A step towards correct interpretation of XPS results in metal oxides: a case study aided by first-principles method in ZnO

Metal oxide semiconductors constitute a vast group of materials whose physical properties are greatly affected by native defects. For decades, X-ray photoelectron spectroscopy (XPS) has been widely used in defect analysis. However, correct interpretation of XPS results remains a difficult task. In this work, we present a detailed first-principles study on the core-level shift (CLS) of the most stable and commonly cited crystal imperfections in ZnO, including O and -OH species at surface with different coverages and bulk defects, including O interstitial (Oi), O vacancy in the +2 charge state (Vo2+) and the neutral vacancy (Vo0). The O1s core level spectrum is simulated and compared with experiments, to understand the correlation between specific local structures and features in the O1s spectrum. In particular, our results indicate that the widely adopted assignment in the defect analysis of ZnO, which links the defect peak in XPS to Vo, the most stable defect, is very likely a misinterpretation.
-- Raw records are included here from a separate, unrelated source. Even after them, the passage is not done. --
(* Let $Y$ be a generic Enriques surface. For effective $\beta\in H_2(Y,\mathbb{Z})$ (modulo torsion) with $2\nmid\beta$ and $\beta^2=2d$, let $M_d$ be one of the two connected components of the moduli space of stable $1$-dimensional sheaves $F$ on $Y$ with support class $\beta$ and $\chi(F)=1$ (smooth projective of dimension $2d+1$), with Hilbert–Chow morphism $\rho:M_d\to\mathbb{P}$, perverse Hodge numbers ${}^ph^{i,j}(M_d)=\dim H^j(\mathbb{P},{}^p\mathcal{H}^i(R\rho_*\mathbb{Q}[\dim M_d]))$ and Betti numbers $b_{i,d}=b_i(M_d)$. Let \[ F(u,p,q)=\frac{(1-u^{-1}p)(1-up)}{(-p)}\prod_{m\ge1}\frac{1}{(1-q^m)^8}\prod_{\substack{m\ge1\\ m\text{ odd}}}\frac{1}{(1-u^{-2}q^m)(1-u^2q^m)(1-upq^m)(1-up^{-1}q^m)(1-u^{-1}pq^m)(1-u^{-1}p^{-1}q^m)(1-q^m)^2}. \] Assume that the ${}^ph^{i,j}(M_d)$ depend only on $d$ and that \[ \sum_{d\ge0}\sum_{i,j}{}^ph^{i,j}(M_d)(-1)^{i+j}p^iu^jq^d=F(u,p,q)-\Big(\sum_{d\ge0}u^{-(2d+1)}\sum_{i=0}^{4d+2}(-u)^ib_{i,d}\Big)\prod_{m\ge1}\frac{(1-u^2q^{2m})(1-u^{-2}q^{2m})(1-q^{2m})^2}{(1-upq^{2m})(1-u^{-1}p^{-1}q^{2m})(1-u^{-1}pq^{2m})(1-up^{-1}q^{2m})}. \] Then for all $d\ge0$ and integers $i,j$ with $i,j<-d/2-1$, \[ {}^ph^{i,j}(M_d)(-1)^{i+j}=\mathrm{Coeff}_{p^iu^jq^d}\big[F(u,p,q)\big]. \]
   Context: $F$ equals, in the paper's notation, $\frac{(1-u^{-1}p)(1-up)}{(-p)}\frac{\Theta(u^2,q^2)}{\Theta(u^2,q)}\frac{\eta(q^2)^8}{\eta(q)^{16}}\frac{\Theta(pu,q^2)\Theta(pu^{-1},q^2)}{\Theta(pu,q)\Theta(pu^{-1},q)}$ with $\Theta(p,q)=(p^{1/2}-p^{-1/2})\prod_{m\ge1}\frac{(1-pq^m)(1-p^{-1}q^m)}{(1-q^m)^2}$ and $\eta(q)=q^{1/24}\prod_{m\ge1}(1-q^m)$. ${}^p\mathcal{H}^i$ is perverse cohomology for the middle perversity. *)

theory Defs
  imports "HOL-Analysis.Infinite_Products" "HOL-Computational_Algebra.Formal_Laurent_Series"
begin

text \<open>Coefficient ring: Laurent series in p (outer) over Laurent series in u (inner) over Q.
  Generating series in q are formal power series over this ring; infinite products are
  the library's prodinf in the (subdegree) metric topology of fps.\<close>

type_synonym R = "rat fls fls"

definition uu :: R where "uu = fls_const fls_X"
definition pp :: R where "pp = fls_X"

definition one_minus :: "R \<Rightarrow> nat \<Rightarrow> R fps" where
  "one_minus c m = 1 - fps_const c * fps_X ^ m"

definition coeff_puq :: "R fps \<Rightarrow> int \<Rightarrow> int \<Rightarrow> nat \<Rightarrow> rat" where
  "coeff_puq G i j d = fls_nth (fls_nth (fps_nth G d) i) j"

definition F_series :: "R fps" where
  "F_series =
     fps_const ((1 - inverse uu * pp) * (1 - uu * pp) / (- pp))
     * prodinf (\<lambda>k. inverse (one_minus 1 (k+1) ^ 8))
     * prodinf (\<lambda>k. let m = 2*k+1 in inverse
          (one_minus (inverse (uu^2)) m * one_minus (uu^2) m
           * one_minus (uu*pp) m * one_minus (uu * inverse pp) m
           * one_minus (inverse uu * pp) m * one_minus (inverse uu * inverse pp) m
           * one_minus 1 m ^ 2))"

definition G_series :: "R fps" where
  "G_series =
     prodinf (\<lambda>k. let m = 2*(k+1) in
        (one_minus (uu^2) m * one_minus (inverse (uu^2)) m * one_minus 1 m ^ 2)
        * inverse (one_minus (uu*pp) m * one_minus (inverse uu * inverse pp) m
                   * one_minus (inverse uu * pp) m * one_minus (uu * inverse pp) m))"

text \<open>sum_{d>=0} u^{-(2d+1)} sum_{i=0}^{4d+2} (-u)^i b_{i,d} q^d, with b d i = b_i(M_d).\<close>
definition betti_series :: "(nat \<Rightarrow> nat \<Rightarrow> nat) \<Rightarrow> R fps" where
  "betti_series b = Abs_fps (\<lambda>d. inverse (uu ^ (2*d+1)) *
      (\<Sum>i=0..4*d+2. (- uu) ^ i * of_nat (b d i)))"

end

theory Submission
  imports Defs
begin

unbundle no vec_syntax
unbundle Formal_Power_Series.fps_syntax
unbundle Formal_Laurent_Series.fps_syntax

(* Give the monomial p^i u^j q^n the weight 2i + n. The correction term betti_series b * G_series
   only involves monomials of nonnegative weight: u is weightless, and p^-1 occurs only together
   with q^m for m >= 2. Series with this property are closed under products, under inverses of
   series with constant term 1, and under infinite products of factors 1 + O(q^(k+1)). Hence the
   correction term has no p^i q^d coefficient when 2i + d < 0, and there the hypothesis already
   is the claim. *)

definition nonneg_weight_coeff :: "nat \<Rightarrow> 'a::zero fls \<Rightarrow> bool" where
  "nonneg_weight_coeff n x \<longleftrightarrow> (\<forall>i. 2 * i + int n < 0 \<longrightarrow> x $$ i = 0)"

definition nonneg_weight :: "'a::zero fls fps \<Rightarrow> bool" where
  "nonneg_weight H \<longleftrightarrow> (\<forall>n. nonneg_weight_coeff n (H $ n))"

lemma nonneg_weight_coeff_subdegree:
  "nonneg_weight_coeff n x \<Longrightarrow> x \<noteq> 0 \<Longrightarrow> 2 * fls_subdegree x + int n \<ge> 0"
  unfolding nonneg_weight_coeff_def by (metis linorder_not_le nth_fls_subdegree_nonzero)

lemma nonneg_weight_coeff_mult:
  fixes x y :: "'a::{comm_monoid_add,mult_zero} fls"
  assumes "nonneg_weight_coeff a x" "nonneg_weight_coeff b y" "a + b \<le> n"
  shows "nonneg_weight_coeff n (x * y)"
proof (cases "x = 0 \<or> y = 0")
  case True
  then show ?thesis by (auto simp: nonneg_weight_coeff_def)
next
  case False
  then have "2 * (fls_subdegree x + fls_subdegree y) + int n \<ge> 0"
    using assms by (auto dest!: nonneg_weight_coeff_subdegree)
  then show ?thesis
    unfolding nonneg_weight_coeff_def by (auto intro!: fls_times_nth_eq0)
qed

lemma nonneg_weight_coeff_zero [simp]: "nonneg_weight_coeff n 0"
  unfolding nonneg_weight_coeff_def by simp

lemma nonneg_weight_coeff_add:
  "nonneg_weight_coeff n x \<Longrightarrow> nonneg_weight_coeff n y \<Longrightarrow> nonneg_weight_coeff n (x + y)"
  unfolding nonneg_weight_coeff_def by auto

lemma nonneg_weight_coeff_diff:
  fixes x y :: "'a::group_add fls"
  shows "nonneg_weight_coeff n x \<Longrightarrow> nonneg_weight_coeff n y \<Longrightarrow> nonneg_weight_coeff n (x - y)"
  unfolding nonneg_weight_coeff_def by auto

lemma nonneg_weight_coeff_uminus:
  fixes x :: "'a::group_add fls"
  shows "nonneg_weight_coeff n x \<Longrightarrow> nonneg_weight_coeff n (- x)"
  unfolding nonneg_weight_coeff_def by auto

lemma nonneg_weight_coeff_sum:
  "(\<And>k. k \<in> A \<Longrightarrow> nonneg_weight_coeff n (f k)) \<Longrightarrow> nonneg_weight_coeff n (sum f A)"
  by (induction A rule: infinite_finite_induct) (auto simp: nonneg_weight_coeff_add)

lemma nonneg_weight_coeff_const: "nonneg_weight_coeff n (fls_const c)"
  unfolding nonneg_weight_coeff_def by auto

lemma nonneg_weight_coeff_one: "nonneg_weight_coeff n (1 :: 'a::{zero,one} fls)"
  using nonneg_weight_coeff_const[of n 1] by simp

lemma nonneg_weight_coeff_power:
  fixes x :: "'a::comm_semiring_1 fls"
  shows "nonneg_weight_coeff 0 x \<Longrightarrow> nonneg_weight_coeff n (x ^ k)"
  by (induction k) (auto simp: nonneg_weight_coeff_one intro: nonneg_weight_coeff_mult)

lemma nonneg_weight_mult:
  fixes A B :: "'a::comm_ring_1 fls fps"
  assumes "nonneg_weight A" "nonneg_weight B"
  shows "nonneg_weight (A * B)"
  unfolding nonneg_weight_def fps_mult_nth
proof (intro allI nonneg_weight_coeff_sum)
  fix n :: nat and i assume "i \<in> {0..n}"
  then show "nonneg_weight_coeff n (A $ i * B $ (n - i))"
    using assms unfolding nonneg_weight_def by (intro nonneg_weight_coeff_mult) auto
qed

lemma nonneg_weight_one: "nonneg_weight (1 :: 'a::comm_ring_1 fls fps)"
  unfolding nonneg_weight_def by (simp add: nonneg_weight_coeff_one)

lemma nonneg_weight_power:
  fixes A :: "'a::comm_ring_1 fls fps"
  shows "nonneg_weight A \<Longrightarrow> nonneg_weight (A ^ k)"
  by (induction k) (auto simp: nonneg_weight_one nonneg_weight_mult)

lemma nonneg_weight_prod:
  fixes f :: "'b \<Rightarrow> 'a::comm_ring_1 fls fps"
  shows "(\<And>k. k \<in> K \<Longrightarrow> nonneg_weight (f k)) \<Longrightarrow> nonneg_weight (prod f K)"
  by (induction K rule: infinite_finite_induct) (auto simp: nonneg_weight_one nonneg_weight_mult)

lemma fps_inverse_nth_rec:
  fixes f :: "'a::field fps"
  assumes "f $ 0 = 1" "n > 0"
  shows "inverse f $ n = - (\<Sum>i<n. inverse f $ i * f $ (n - i))"
proof -
  have "(inverse f * f) $ n = 0"
    using assms by (simp add: inverse_mult_eq_1)
  then have "inverse f $ n * f $ 0 + (\<Sum>i<n. inverse f $ i * f $ (n - i)) = 0"
    by (simp add: fps_mult_nth atLeast0AtMost lessThan_Suc_atMost[symmetric] add.commute)
  then show ?thesis
    using assms(1) by (simp add: eq_neg_iff_add_eq_0)
qed

lemma nonneg_weight_inverse:
  fixes A :: "'a::field fls fps"
  assumes "nonneg_weight A" "A $ 0 = 1"
  shows "nonneg_weight (inverse A)"
  unfolding nonneg_weight_def
proof
  fix n show "nonneg_weight_coeff n (inverse A $ n)"
  proof (induction n rule: less_induct)
    case (less n)
    show ?case
    proof (cases "n = 0")
      case True
      then show ?thesis
        using assms(2) by (simp add: nonneg_weight_coeff_one)
    next
      case False
      have "nonneg_weight_coeff n (inverse A $ i * A $ (n - i))" if "i < n" for i
        using assms(1) that unfolding nonneg_weight_def
        by (intro nonneg_weight_coeff_mult[OF less[OF that]]) auto
      then show ?thesis
        using False fps_inverse_nth_rec[OF assms(2)]
        by (auto intro!: nonneg_weight_coeff_uminus nonneg_weight_coeff_sum)
    qed
  qed
qed

lemma fps_cutoff_eq_1D:
  fixes f :: "'a::zero_neq_one fps"
  assumes "fps_cutoff m f = 1"
  shows "0 < m" and "f $ 0 = 1"
proof -
  show "0 < m"
    using arg_cong[OF assms, of "\<lambda>g. g $ 0"] by (cases m) auto
  then show "f $ 0 = 1"
    using arg_cong[OF assms, of "\<lambda>g. g $ 0"] by simp
qed

lemma fps_cutoff_mult_eq_1:
  fixes f g :: "'a::comm_ring_1 fps"
  assumes "fps_cutoff m f = 1" "fps_cutoff m g = 1"
  shows "fps_cutoff m (f * g) = 1"
proof -
  have "m \<noteq> 0" using fps_cutoff_eq_1D(1)[OF assms(1)] by simp
  have "fps_cutoff m (f * g) = fps_cutoff m (fps_cutoff m f * fps_cutoff m g)"
    by (simp add: fps_cutoff_eq_fps_cutoff_iff fps_cutoff_left_mult_nth fps_cutoff_right_mult_nth)
  also have "\<dots> = 1"
    using assms \<open>m \<noteq> 0\<close> by (simp add: fps_cutoff_one)
  finally show ?thesis .
qed

lemma fps_cutoff_power_eq_1:
  fixes f :: "'a::comm_ring_1 fps"
  assumes "fps_cutoff m f = 1"
  shows "fps_cutoff m (f ^ k) = 1"
proof (induction k)
  case 0
  have "m \<noteq> 0" using fps_cutoff_eq_1D(1)[OF assms] by simp
  then show ?case by (simp add: fps_cutoff_one)
next
  case (Suc k)
  then show ?case using assms by (simp add: fps_cutoff_mult_eq_1)
qed

lemma fps_cutoff_inverse_eq_1:
  fixes f :: "'a::field fps"
  assumes "fps_cutoff m f = 1"
  shows "fps_cutoff m (inverse f) = 1"
proof -
  have "m \<noteq> 0" "f $ 0 = 1" using fps_cutoff_eq_1D[OF assms] by simp_all
  then have "fps_cutoff m (inverse f) = fps_cutoff m (inverse (fps_cutoff m f))"
    by (simp add: fps_cutoff_inverse)
  also have "\<dots> = 1"
    using assms \<open>m \<noteq> 0\<close> by (simp add: fps_cutoff_one)
  finally show ?thesis .
qed

lemma prodinf_fps_nth:
  fixes f :: "nat \<Rightarrow> 'a::idom fps"
  assumes "\<And>k. fps_cutoff (Suc k) (f k) = 1"
  shows "prodinf f $ n = (\<Prod>k\<le>n. f k) $ n"
proof -
  define P where "P N = (\<Prod>k\<le>N. f k)" for N
  have stable: "P N $ n = P n $ n" if "n \<le> N" for n N
    using that
  proof (induction N rule: dec_induct)
    case (step N)
    then have "P (Suc N) $ n = (P N * fps_cutoff (Suc (Suc N)) (f (Suc N))) $ n"
      by (simp add: P_def fps_cutoff_right_mult_nth)
    with step show ?case
      by (simp add: assms)
  qed simp
  define L where "L = Abs_fps (\<lambda>n. P n $ n)"
  have "P \<longlonglongrightarrow> L"
    by (rule tendsto_fpsI) (auto simp: L_def eventually_sequentially intro: stable)
  moreover have "L $ 0 = 1"
    using fps_cutoff_eq_1D(2)[OF assms[of 0]] by (simp add: L_def P_def)
  ultimately have "f has_prod L"
    unfolding has_prod_def raw_has_prod_def P_def by auto
  then have "prodinf f = L"
    using has_prod_unique by metis
  then show ?thesis
    by (simp add: L_def P_def)
qed

lemma nonneg_weight_prodinf:
  fixes f :: "nat \<Rightarrow> 'a::idom fls fps"
  assumes "\<And>k. nonneg_weight (f k)" "\<And>k. fps_cutoff (Suc k) (f k) = 1"
  shows "nonneg_weight (prodinf f)"
  using nonneg_weight_prod[of "{.._}" f] assms(1)
  unfolding nonneg_weight_def prodinf_fps_nth[OF assms(2)] by blast

lemma nonneg_weight_coeff_uu: "nonneg_weight_coeff 0 uu"
  unfolding uu_def by (rule nonneg_weight_coeff_const)

lemma nonneg_weight_coeff_inverse_uu: "nonneg_weight_coeff 0 (inverse uu)"
  unfolding uu_def by (simp add: fls_inverse_const nonneg_weight_coeff_const)

lemma nonneg_weight_coeff_pp: "nonneg_weight_coeff 0 pp"
  unfolding pp_def nonneg_weight_coeff_def by auto

lemma nonneg_weight_coeff_inverse_pp: "nonneg_weight_coeff 2 (inverse pp)"
  unfolding pp_def nonneg_weight_coeff_def by (auto simp: fls_inverse_X)

lemma nonneg_weight_one_minus: "nonneg_weight_coeff m c \<Longrightarrow> nonneg_weight (one_minus c m)"
  unfolding nonneg_weight_def one_minus_def
  by (auto simp: fps_X_power_nth nonneg_weight_coeff_one
           intro!: nonneg_weight_coeff_diff nonneg_weight_coeff_uminus)

lemma fps_cutoff_one_minus: "0 < n \<Longrightarrow> n \<le> m \<Longrightarrow> fps_cutoff n (one_minus c m) = 1"
  unfolding one_minus_def by (auto simp: fps_eq_iff fps_X_power_nth)

lemma nonneg_weight_G_series: "nonneg_weight G_series"
proof -
  have weights:
    "nonneg_weight_coeff (2 * (k + 1)) (uu^2)"
    "nonneg_weight_coeff (2 * (k + 1)) (inverse (uu^2))"
    "nonneg_weight_coeff (2 * (k + 1)) 1"
    "nonneg_weight_coeff (2 * (k + 1)) (uu * pp)"
    "nonneg_weight_coeff (2 * (k + 1)) (uu * inverse pp)"
    "nonneg_weight_coeff (2 * (k + 1)) (inverse uu * pp)"
    "nonneg_weight_coeff (2 * (k + 1)) (inverse uu * inverse pp)" for k
    unfolding power_inverse[symmetric]
    by (auto intro: nonneg_weight_coeff_one nonneg_weight_coeff_power nonneg_weight_coeff_mult
          nonneg_weight_coeff_uu nonneg_weight_coeff_inverse_uu
          nonneg_weight_coeff_pp nonneg_weight_coeff_inverse_pp)
  show ?thesis
    unfolding G_series_def Let_def
    by (intro nonneg_weight_prodinf nonneg_weight_mult nonneg_weight_power nonneg_weight_inverse
          nonneg_weight_one_minus weights fps_cutoff_mult_eq_1 fps_cutoff_power_eq_1
          fps_cutoff_inverse_eq_1 fps_cutoff_one_minus)
       (simp_all add: one_minus_def)
qed

lemma nonneg_weight_betti_series: "nonneg_weight (betti_series b)"
  unfolding nonneg_weight_def betti_series_def fps_nth_Abs_fps power_inverse[symmetric]
  by (intro allI nonneg_weight_coeff_mult[of 0 _ 0] nonneg_weight_coeff_sum nonneg_weight_coeff_power
        nonneg_weight_coeff_inverse_uu nonneg_weight_coeff_uminus nonneg_weight_coeff_uu)
     (simp_all add: fls_of_nat nonneg_weight_coeff_const)

theorem lemma3p8:
  fixes ph :: "nat \<Rightarrow> int \<Rightarrow> int \<Rightarrow> nat"
    and b :: "nat \<Rightarrow> nat \<Rightarrow> nat"
  assumes gen: "\<And>d i j. of_nat (ph d i j) * (-1) powi (i + j)
                  = coeff_puq (F_series - betti_series b * G_series) i j d"
  shows "\<And>d i j. of_int i < - of_nat d / 2 - (1::rat) \<Longrightarrow> of_int j < - of_nat d / 2 - (1::rat) \<Longrightarrow>
           of_nat (ph d i j) * (-1) powi (i + j) = coeff_puq F_series i j d"
proof -
  fix d i j
  assume "of_int i < - of_nat d / 2 - (1::rat)"
  then have "2 * i + int d < 0"
    by linarith
  moreover have "nonneg_weight (betti_series b * G_series)"
    by (intro nonneg_weight_mult nonneg_weight_betti_series nonneg_weight_G_series)
  ultimately have "(betti_series b * G_series) $ d $$ i = 0"
    unfolding nonneg_weight_def nonneg_weight_coeff_def by blast
  then show "of_nat (ph d i j) * (-1) powi (i + j) = coeff_puq F_series i j d"
    using gen[of d i j] by (simp add: coeff_puq_def)
qed

end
Theoretical analysis indicates that there are no distinguishable XPS features arising from the Vo defect. Furthermore, we show that the commonly observed defect-related peak instead arises due to Oi or specific surface configurations. Given the importance of native defects in materials performance, misinterpretation of XPS results may lead to erroneous conclusions regarding materials properties. This work provides a first-principles basis for the analysis of oxides defects through XPS.